I have lost a lot of friends in the period when I was vocal about my suicidal thoughts. I keep them to myself now and, when they are too much, I come to this forum. I was institutionalized once and it was one of the worst and most traumatic things to ever happen to me. I promised to myself I'd never discuss it with anyone ever again and I'm going to hold onto that until I'm dead, be it now or several decades down the line. I make exceptions when other people talk to me about their own suicidal ideation/intentions.

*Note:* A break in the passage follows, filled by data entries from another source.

lemma (in cring) ideal_prod_genideals:
  assumes S: "S \<subseteq> carrier R" and T: "T \<subseteq> carrier R"
  shows "ideal_prod R (Idl S) (Idl T) = Idl (S <#> T)"
proof
  show "ideal_prod R (Idl S) (Idl T) \<subseteq> Idl (S <#> T)"
  proof
    fix x assume "x \<in> ideal_prod R (Idl S) (Idl T)"
    then show "x \<in> Idl (S <#> T)"
    proof (induct x rule: ideal_prod.induct)
      case (prod i j)
      then show ?case
        by (rule genideal_mult_mem[OF S T])
    next
      case (sum s1 s2)
      then show ?case
        using genideal_ideal[of "S <#> T"] S T
        by (simp add: additive_subgroup.a_closed ideal.axioms(1) set_mult_closed)
    qed
  qed
next
  have "S <#> T \<subseteq> ideal_prod R (Idl S) (Idl T)"
    using genideal_self[OF S] genideal_self[OF T]
    by (auto simp: set_mult_def intro!: ideal_prod.prod)
  then show "Idl (S <#> T) \<subseteq> ideal_prod R (Idl S) (Idl T)"
    by (rule genideal_minimal[OF ideal_prod_is_ideal[OF genideal_ideal[OF S] genideal_ideal[OF T]]])
qed

definition monomial :: "('a, 'b) ring_scheme \<Rightarrow> 'a \<Rightarrow> 'a \<Rightarrow> nat \<times> nat \<Rightarrow> 'a" where
  "monomial R x y d = x [^]\<^bsub>R\<^esub> fst d \<otimes>\<^bsub>R\<^esub> y [^]\<^bsub>R\<^esub> snd d"

definition monomial_ideal :: "('a, 'b) ring_scheme \<Rightarrow> 'a \<Rightarrow> 'a \<Rightarrow> (nat \<times> nat) set \<Rightarrow> 'a set" where
  "monomial_ideal R x y D = Idl\<^bsub>R\<^esub> (monomial R x y ` D)"

definition homogeneous_exponents :: "nat \<Rightarrow> (nat \<times> nat) set" where
  "homogeneous_exponents n = {d. fst d + snd d = n}"

definition ideal_c_exponents :: "nat \<Rightarrow> (nat \<times> nat) set" where
  "ideal_c_exponents i = {d. fst d + snd d = 2 * i + 1 \<and> (snd d = 0 \<or> odd (snd d))}"

lemma homogeneous_exponents_0: "homogeneous_exponents 0 = {(0, 0)}"
  by (auto simp: homogeneous_exponents_def)

lemma homogeneous_exponents_add:
  "homogeneous_exponents m + homogeneous_exponents n = homogeneous_exponents (m + n)"
proof
  show "homogeneous_exponents m + homogeneous_exponents n \<subseteq> homogeneous_exponents (m + n)"
    by (auto simp: homogeneous_exponents_def elim!: set_plus_elim)
  show "homogeneous_exponents (m + n) \<subseteq> homogeneous_exponents m + homogeneous_exponents n"
  proof
    fix d :: "nat \<times> nat"
    assume "d \<in> homogeneous_exponents (m + n)"
    then obtain p q where d: "d = (p, q)" "p + q = m + n"
      by (cases d) (auto simp: homogeneous_exponents_def)
    show "d \<in> homogeneous_exponents m + homogeneous_exponents n"
    proof (cases "m \<le> p")
      case True
      have "d = (m, 0) + (p - m, q)"
        using True d by (simp add: plus_prod_def)
      also have "\<dots> \<in> homogeneous_exponents m + homogeneous_exponents n"
        using True d by (intro set_plus_intro) (auto simp: homogeneous_exponents_def)
      finally show ?thesis .
    next
      case False
      have "d = (p, m - p) + (0, q - (m - p))"
        using False d by (simp add: plus_prod_def)
      also have "\<dots> \<in> homogeneous_exponents m + homogeneous_exponents n"
        using False d by (intro set_plus_intro) (auto simp: homogeneous_exponents_def)
      finally show ?thesis .
    qed
  qed
qed

lemma homogeneous_exponents_1: "homogeneous_exponents 1 = {(1, 0), (0, 1)}"
  by (auto simp: homogeneous_exponents_def add_is_1)

lemma homogeneous_exponents_3: "homogeneous_exponents 3 = {(3, 0), (2, 1), (1, 2), (0, 3)}"
proof
  show "homogeneous_exponents 3 \<subseteq> {(3, 0), (2, 1), (1, 2), (0, 3)}"
  proof
    fix d :: "nat \<times> nat"
    assume "d \<in> homogeneous_exponents 3"
    then obtain p q where d: "d = (p, q)" "p + q = 3"
      by (cases d) (auto simp: homogeneous_exponents_def)
    then have "q = 0 \<and> p = 3 \<or> q = 1 \<and> p = 2 \<or> q = 2 \<and> p = 1 \<or> q = 3 \<and> p = 0"
      by linarith
    then show "d \<in> {(3, 0), (2, 1), (1, 2), (0, 3)}"
      using d by auto
  qed
qed (auto simp: homogeneous_exponents_def)

lemma homogeneous_exponents_1_plus_squares:
  "homogeneous_exponents 1 + {(2, 0), (0, 2)} = homogeneous_exponents 3"
  unfolding homogeneous_exponents_1 homogeneous_exponents_3
  by (auto simp: set_plus_def plus_prod_def numeral_eq_Suc)

lemma homogeneous_exponents_1_plus_ideal_c_exponents:
  "homogeneous_exponents 1 + ideal_c_exponents i = homogeneous_exponents (2 * i + 2)"
proof
  show "homogeneous_exponents 1 + ideal_c_exponents i \<subseteq> homogeneous_exponents (2 * i + 2)"
    by (auto simp: homogeneous_exponents_def ideal_c_exponents_def elim!: set_plus_elim)
  show "homogeneous_exponents (2 * i + 2) \<subseteq> homogeneous_exponents 1 + ideal_c_exponents i"
  proof
    fix d :: "nat \<times> nat"
    assume "d \<in> homogeneous_exponents (2 * i + 2)"
    then obtain p q where d: "d = (p, q)" "p + q = 2 * i + 2"
      by (cases d) (auto simp: homogeneous_exponents_def)
    show "d \<in> homogeneous_exponents 1 + ideal_c_exponents i"
    proof (cases "q = 0 \<or> odd q")
      case True
      then have "1 \<le> p"
        using d(2) by presburger
      then have "d = (1, 0) + (p - 1, q)"
        using d by (simp add: plus_prod_def)
      also have "\<dots> \<in> homogeneous_exponents 1 + ideal_c_exponents i"
        using True \<open>1 \<le> p\<close> d
        by (intro set_plus_intro) (auto simp: homogeneous_exponents_def ideal_c_exponents_def)
      finally show ?thesis .
    next
      case False
      have "d = (0, 1) + (p, q - 1)"
        using False d by (simp add: plus_prod_def)
      also have "\<dots> \<in> homogeneous_exponents 1 + ideal_c_exponents i"
        using False d
        by (intro set_plus_intro) (auto simp: homogeneous_exponents_def ideal_c_exponents_def)
      finally show ?thesis .
    qed
  qed
qed

lemma ideal_monoid_mult: "x \<otimes>\<^bsub>ideal_monoid R\<^esub> y = ideal_prod R x y"
  by (simp add: ideal_monoid_def)

lemma ideal_monoid_pow_0: "x [^]\<^bsub>ideal_monoid R\<^esub> (0::nat) = carrier R"
  by (simp add: nat_pow_def ideal_monoid_def)

lemma ideal_monoid_pow_Suc:
  "x [^]\<^bsub>ideal_monoid R\<^esub> (Suc n) = ideal_prod R (x [^]\<^bsub>ideal_monoid R\<^esub> n) x"
  by (simp add: nat_pow_def ideal_monoid_def)

context cring
begin

lemma monomial_closed: "x \<in> carrier R \<Longrightarrow> y \<in> carrier R \<Longrightarrow> monomial R x y d \<in> carrier R"
  by (simp add: monomial_def)

lemma monomial_add:
  "x \<in> carrier R \<Longrightarrow> y \<in> carrier R \<Longrightarrow>
    monomial R x y (d + e) = monomial R x y d \<otimes> monomial R x y e"
  by (simp add: monomial_def m_ac nat_pow_mult[symmetric])

lemma monomial_image_set_plus:
  assumes "x \<in> carrier R" "y \<in> carrier R"
  shows "monomial R x y ` (D + E) = (monomial R x y ` D) <#> (monomial R x y ` E)"
proof
  show "monomial R x y ` (D + E) \<subseteq> (monomial R x y ` D) <#> (monomial R x y ` E)"
  proof
    fix z
    assume "z \<in> monomial R x y ` (D + E)"
    then obtain d e where "d \<in> D" "e \<in> E" "z = monomial R x y d \<otimes> monomial R x y e"
      using monomial_add[OF assms] by (blast elim: set_plus_elim)
    then show "z \<in> (monomial R x y ` D) <#> (monomial R x y ` E)"
      unfolding set_mult_def by blast
  qed
  show "(monomial R x y ` D) <#> (monomial R x y ` E) \<subseteq> monomial R x y ` (D + E)"
  proof
    fix z
    assume "z \<in> (monomial R x y ` D) <#> (monomial R x y ` E)"
    then obtain d e where "d \<in> D" "e \<in> E" "z = monomial R x y d \<otimes> monomial R x y e"
      unfolding set_mult_def by blast
    then show "z \<in> monomial R x y ` (D + E)"
      unfolding monomial_add[OF assms, symmetric] by blast
  qed
qed

lemma monomial_ideal_mult:
  assumes "x \<in> carrier R" "y \<in> carrier R"
  shows "ideal_prod R (monomial_ideal R x y D) (monomial_ideal R x y E) =
    monomial_ideal R x y (D + E)"
  using assms by (simp add: monomial_ideal_def ideal_prod_genideals monomial_image_set_plus
      image_subset_iff monomial_closed)

lemma ideal_a1_eq_monomial_ideal:
  "x \<in> carrier R \<Longrightarrow> y \<in> carrier R \<Longrightarrow>
    ideal_a1 R x y = monomial_ideal R x y (homogeneous_exponents 1)"
  unfolding ideal_a1_def monomial_ideal_def homogeneous_exponents_1 by (simp add: monomial_def)

lemma ideal_b2_eq_monomial_ideal:
  "x \<in> carrier R \<Longrightarrow> y \<in> carrier R \<Longrightarrow>
    ideal_b2 R x y = monomial_ideal R x y {(2, 0), (0, 2)}"
  by (simp add: ideal_b2_def monomial_ideal_def monomial_def)

lemma ideal_c_eq_monomial_ideal:
  "ideal_c R i x y = monomial_ideal R x y (ideal_c_exponents i)"
  unfolding ideal_c_def monomial_ideal_def
proof (intro arg_cong[where f = "genideal R"] equalityI subsetI)
  fix z
  assume "z \<in> {x [^] (2*i+1-t) \<otimes> y [^] t | t. t = 0 \<or> (odd t \<and> t \<le> 2*i+1)}"
  then obtain t where t: "t = 0 \<or> (odd t \<and> t \<le> 2*i+1)" "z = monomial R x y (2*i+1-t, t)"
    by (auto simp: monomial_def)
  have "(2*i+1-t, t) \<in> ideal_c_exponents i"
    using t(1) by (auto simp: ideal_c_exponents_def)
  then show "z \<in> monomial R x y ` ideal_c_exponents i"
    using t(2) by blast
next
  fix z
  assume "z \<in> monomial R x y ` ideal_c_exponents i"
  then obtain p t where pt: "p + t = 2*i+1" "t = 0 \<or> odd t" "z = x [^] p \<otimes> y [^] t"
    by (auto simp: ideal_c_exponents_def monomial_def)
  then have "p = 2*i+1-t" "t = 0 \<or> (odd t \<and> t \<le> 2*i+1)"
    by auto
  then show "z \<in> {x [^] (2*i+1-t) \<otimes> y [^] t | t. t = 0 \<or> (odd t \<and> t \<le> 2*i+1)}"
    using pt(3) by blast
qed

lemma monomial_ideal_homogeneous_pow:
  assumes "x \<in> carrier R" "y \<in> carrier R"
  shows "monomial_ideal R x y (homogeneous_exponents 1) [^]\<^bsub>ideal_monoid R\<^esub> n =
    monomial_ideal R x y (homogeneous_exponents n)"
proof (induct n)
  case 0
  have "monomial_ideal R x y (homogeneous_exponents 0) = carrier R"
    using assms by (simp add: monomial_ideal_def homogeneous_exponents_0 monomial_def genideal_one)
  then show ?case
    by (simp only: ideal_monoid_pow_0)
next
  case (Suc n)
  then show ?case
    by (simp only: ideal_monoid_pow_Suc monomial_ideal_mult[OF assms] homogeneous_exponents_add)
      simp
qed

lemma ideal_a1_mult_b2:
  assumes "x \<in> carrier R" "y \<in> carrier R"
  shows "ideal_a1 R x y \<otimes>\<^bsub>ideal_monoid R\<^esub> ideal_b2 R x y =
    ideal_a1 R x y [^]\<^bsub>ideal_monoid R\<^esub> (3::nat)"
  by (simp only: ideal_monoid_mult ideal_a1_eq_monomial_ideal[OF assms]
      ideal_b2_eq_monomial_ideal[OF assms] monomial_ideal_mult[OF assms]
      homogeneous_exponents_1_plus_squares monomial_ideal_homogeneous_pow[OF assms])

lemma ideal_a1_mult_c:
  assumes "x \<in> carrier R" "y \<in> carrier R"
  shows "ideal_a1 R x y \<otimes>\<^bsub>ideal_monoid R\<^esub> ideal_c R i x y =
    ideal_a1 R x y [^]\<^bsub>ideal_monoid R\<^esub> (2 * i + 2)"
  by (simp only: ideal_monoid_mult ideal_a1_eq_monomial_ideal[OF assms] ideal_c_eq_monomial_ideal
      monomial_ideal_mult[OF assms] homogeneous_exponents_1_plus_ideal_c_exponents
      monomial_ideal_homogeneous_pow[OF assms])

end

section \<open>Factorizations in commutative monoids\<close>

context comm_monoid
begin

lemma lprod_Nil [simp]: "lprod G [] = \<one>"
  by (simp add: lprod_def)

lemma lprod_Cons [simp]: "lprod G (x # xs) = x \<otimes> lprod G xs"
  by (simp add: lprod_def)

lemma lprod_closed: "set xs \<subseteq> carrier G \<Longrightarrow> lprod G xs \<in> carrier G"
  by (induct xs) auto

lemma lprod_append:
  "set xs \<subseteq> carrier G \<Longrightarrow> set ys \<subseteq> carrier G \<Longrightarrow> lprod G (xs @ ys) = lprod G xs \<otimes> lprod G ys"
  by (induct xs) (auto simp: m_assoc lprod_closed)

lemma lprod_replicate: "a \<in> carrier G \<Longrightarrow> lprod G (replicate n a) = a [^] n"
  by (induct n) (auto simp: m_comm)

lemma atom_closed: "atom G a \<Longrightarrow> a \<in> carrier G"
  by (simp add: atom_def)

lemma atom_not_unit: "atom G a \<Longrightarrow> a \<notin> Units G"
  by (simp add: atom_def)

lemma length_in_lengths_lprod:
  assumes "\<forall>x\<in>set xs. atom G x"
  shows "length xs \<in> lengths G (lprod G xs)"
proof -
  have "lprod G xs = \<one> \<otimes> lprod G xs"
    using assms by (simp add: lprod_closed atom_closed subsetI)
  then show ?thesis
    using assms unfolding lengths_def by blast
qed

lemma unit_mult_not_unit:
  assumes "a \<in> carrier G" "a \<notin> Units G" "u \<in> Units G"
  shows "u \<otimes> a \<notin> Units G"
proof
  assume "u \<otimes> a \<in> Units G"
  then have "a \<otimes> u \<in> Units G"
    using assms m_comm[of u a] by auto
  then have "a \<in> Units G"
    using assms unit_factor[of a u] by auto
  then show False
    using assms by simp
qed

I know how important it is to know you are safe sharing it with somebody, but I try to be both honest and impersonal about it -- I frame it as something I've been through but not as something I am still experiencing.
I agree with being stuck in a hospital/psych ward being highly traumatic. I have experienced quite a bit of trauma the past 10 years, especially when leaving my abusive ex and still would rate being hospitalized for my mental health in the top 5 most traumatic events of my life. The psychiatrist also deemed me "too combative to accept treatment" which complicated and prolonged my stay. It was genuinely awful.
Just to clarify, I was not too combative to accept treatment, and did accept treatment. I refused their initial attempts at new medications and ketamine therapy because I was still processing my failed attempt and didn't want to change medications or do ketamine therapy in a place I felt so uncomfortable and anxious.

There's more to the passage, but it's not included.